| WHAT IS NEEDED |
The answer must be an exact restatement of all the data.

------------------------

text \<open>A common divisor \<open>D\<close> of layer \<open>Suc k\<close> divides the active node \<open>j2\<close>, so it contains
  none of the variables on the edges into the other active node \<open>j1\<close>; comparing coefficients in
  the linear form of node \<open>j1\<close> then shows that \<open>D\<close> divides every node of layer \<open>k\<close>.\<close>

lemma block_common_divisor_backwards:
  assumes s: "1 \<le> s" "s \<le> n" and k: "cuts ! (s - 1) \<le> k" "Suc k < cuts ! s"
    and D: "\<forall>j<d (Suc k). D dvd block_node s (Suc k) j"
  shows "\<forall>j<d k. D dvd block_node s k j"
proof -
  obtain j1 j2 where j: "j1 \<noteq> j2" "(Suc k, j1) \<in> P" "(Suc k, j2) \<in> P"
    using block_inner_layer_two_active[OF s, of "Suc k"] k by auto
  have "j1 < d (Suc k)" "j2 < d (Suc k)" using active_node_bounds j(2,3) by auto
  then have D_dvd: "D dvd block_node s (Suc k) j1" "D dvd block_node s (Suc k) j2" using D by auto
  moreover have "block_node s (Suc k) j2 \<noteq> 0" using block_node_active_nonzero[OF s _ j(3)] k by simp
  ultimately have "vars D \<subseteq> vars (block_node s (Suc k) j2)" by (intro vars_dvd)
  then have D_fresh: "(k, i', j1) \<notin> vars D" for i' using vars_block_node[of s "Suc k" j2] j(1) k by auto
  have "\<forall>i<d k. \<forall>i'<d k. (k, i', j1) \<notin> vars (block_node s k i)"
    using vars_block_node[OF k(1)] by fastforce
  then interpret linear_form "block_node s (Suc k) j1" "\<lambda>i'. (k, i', j1)" "block_node s k" "d k"
    using block_node_Suc[OF k(1), of j1] j(2) by unfold_locales (auto simp: inj_on_def)
  obtain i0 where i0: "i0 < d k" "block_node s k i0 \<noteq> 0"
    using block_layer_nonzero[OF s k(1)] k(2) by auto
  obtain H where "block_node s (Suc k) j1 = D * H" using D_dvd(1) by (rule dvdE)
  then show ?thesis by (rule factor_dvd_coeffs[OF _ i0 D_fresh])
qed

------------------------

| FINISHED EXERCISE |
text \<open>A common divisor \<open>D\<close> of layer \<open>Suc k\<close> divides the active node \<open>j2\<close>, so it contains
  none of the variables on the edges into the other active node \<open>j1\<close>; comparing coefficients in
  the linear form of node \<open>j1\<close> then shows that \<open>D\<close> divides every node of layer \<open>k\<close>.\<close>

lemma block_common_divisor_backwards:
  assumes s: "1 \<le> s" "s \<le> n" and k: "cuts ! (s - 1) \<le> k" "Suc k < cuts ! s"
    and D: "\<forall>j<d (Suc k). D dvd block_node s (Suc k) j"
  shows "\<forall>j<d k. D dvd block_node s k j"
proof -
  obtain j1 j2 where j: "j1 \<noteq> j2" "(Suc k, j1) \<in> P" "(Suc k, j2) \<in> P"
    using block_inner_layer_two_active[OF s, of "Suc k"] k by auto
  have "j1 < d (Suc k)" "j2 < d (Suc k)" using active_node_bounds j(2,3) by auto
  then have D_dvd: "D dvd block_node s (Suc k) j1" "D dvd block_node s (Suc k) j2" using D by auto
  moreover have "block_node s (Suc k) j2 \<noteq> 0" using block_node_active_nonzero[OF s _ j(3)] k by simp
  ultimately have "vars D \<subseteq> vars (block_node s (Suc k) j2)" by (intro vars_dvd)
  then have D_fresh: "(k, i', j1) \<notin> vars D" for i' using vars_block_node[of s "Suc k" j2] j(1) k by auto
  have "\<forall>i<d k. \<forall>i'<d k. (k, i', j1) \<notin> vars (block_node s k i)"
    using vars_block_node[OF k(1)] by fastforce
  then interpret linear_form "block_node s (Suc k) j1" "\<lambda>i'. (k, i', j1)" "block_node s k" "d k"
    using block_node_Suc[OF k(1), of j1] j(2) by unfold_locales (auto simp: inj_on_def)
  obtain i0 where i0: "i0 < d k" "block_node s k i0 \<noteq> 0"
    using block_layer_nonzero[OF s k(1)] k(2) by auto
  obtain H where "block_node s (Suc k) j1 = D * H" using D_dvd(1) by (rule dvdE)
  then show ?thesis by (rule factor_dvd_coeffs[OF _ i0 D_fresh])
qed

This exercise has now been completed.